** TASK TO CARRY OUT **
Copy all lines below containing "where".

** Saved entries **
definition Wstar_set :: "nat \<Rightarrow> nat list set" where
  "Wstar_set n = {xs \<in> perms (2*n+1). (\<forall>i\<in>descents xs. odd (xs ! i) \<and> odd (xs ! Suc i))
                   \<and> odd (last xs)}"

end

theory Submission
  imports Defs "HOL-Library.Multiset"
begin

(* The bijection passes through a chain of intermediate classes. Call a permutation w of
   {0, ..., 2n+1} a word of stage k (0 <= k <= n) if it starts with 0, ends with an odd letter larger than 2k, and every
   descent x > y has y odd and x either odd and larger than 2k or even and at most 2k. Prepending 0
   identifies W*_{2n+1} with stage 0, and framing by 0 and 2n+1 identifies X_{2n} with stage n,
   without changing descents.
   From stage k-1 to stage k only the letters a = 2k-1 and b = 2k change their status: a may no
   longer start a descent and b now may. The map stage_up a b repairs a word locally, by leaving
   it alone, swapping a and b, or relocating a maximal run of letters larger than b next to one
   of them; each case keeps the number of descents, and stage_down a b undoes it. Composing the
   n steps gives the bijection. *)

section \<open>Counting descents\<close>

fun desc_count :: "nat list \<Rightarrow> nat" where
  "desc_count [] = 0"
| "desc_count [x] = 0"
| "desc_count (x # y # zs) = (if y < x then 1 else 0) + desc_count (y # zs)"

lemma desc_count_Cons:
  "desc_count (x # xs) = desc_count xs + (if xs \<noteq> [] \<and> hd xs < x then 1 else 0)"
  by (cases xs) auto

lemma desc_count_append:
  "desc_count (xs @ ys) =
     desc_count xs + desc_count ys + (if xs \<noteq> [] \<and> ys \<noteq> [] \<and> hd ys < last xs then 1 else 0)"
  by (induction xs rule: induct_list012) (auto simp: desc_count_Cons)

lemma descents_Cons:
  "descents (x # xs) = (if xs \<noteq> [] \<and> hd xs < x then {0} else {}) \<union> Suc ` descents xs"
proof (rule set_eqI)
  fix i
  show "i \<in> descents (x # xs) \<longleftrightarrow> i \<in> (if xs \<noteq> [] \<and> hd xs < x then {0} else {}) \<union> Suc ` descents xs"
    by (cases i; cases xs) (auto simp: descents_def)
qed

lemma finite_descents: "finite (descents xs)"
  unfolding descents_def by (rule finite_subset[of _ "{..<length xs}"]) auto

lemma des_eq_desc_count: "des xs = desc_count xs"
proof (induction xs)
  case Nil
  then show ?case by (simp add: des_def descents_def)
next
  case (Cons x xs)
  have "0 \<notin> Suc ` descents xs" by auto
  then have "card (descents (x # xs)) = (if xs \<noteq> [] \<and> hd xs < x then 1 else 0) + card (Suc ` descents xs)"
    unfolding descents_Cons using finite_descents by (auto simp: card_insert_if)
  also have "card (Suc ` descents xs) = card (descents xs)" by (simp add: card_image)
  finally show ?case using Cons by (simp add: des_def desc_count_Cons)
qed

definition split_at :: "'a \<Rightarrow> 'a list \<Rightarrow> 'a list \<times> 'a list" where
  "split_at x xs = (takeWhile (\<lambda>y. y \<noteq> x) xs, tl (dropWhile (\<lambda>y. y \<noteq> x) xs))"

lemma split_at_append_Cons: "x \<notin> set ys \<Longrightarrow> split_at x (ys @ x # zs) = (ys, zs)"
proof -
  assume "x \<notin> set ys"
  then have "takeWhile (\<lambda>y. y \<noteq> x) (ys @ x # zs) = ys" "dropWhile (\<lambda>y. y \<noteq> x) (ys @ x # zs) = x # zs"
    by (subst takeWhile_append2 dropWhile_append2; auto)+
  then show ?thesis unfolding split_at_def by simp
qed

lemma takeWhile_dropWhile_split:
  "X = takeWhile P X @ dropWhile P X" "\<forall>x\<in>set (takeWhile P X). P x"
  "dropWhile P X = [] \<or> \<not> P (hd (dropWhile P X))"
  using hd_dropWhile[of P X] by (auto dest: set_takeWhileD)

** SOLVED PROBLEM **
definition Wstar_set :: "nat \<Rightarrow> nat list set" where
fun desc_count :: "nat list \<Rightarrow> nat" where
definition split_at :: "'a \<Rightarrow> 'a list \<Rightarrow> 'a list \<times> 'a list" where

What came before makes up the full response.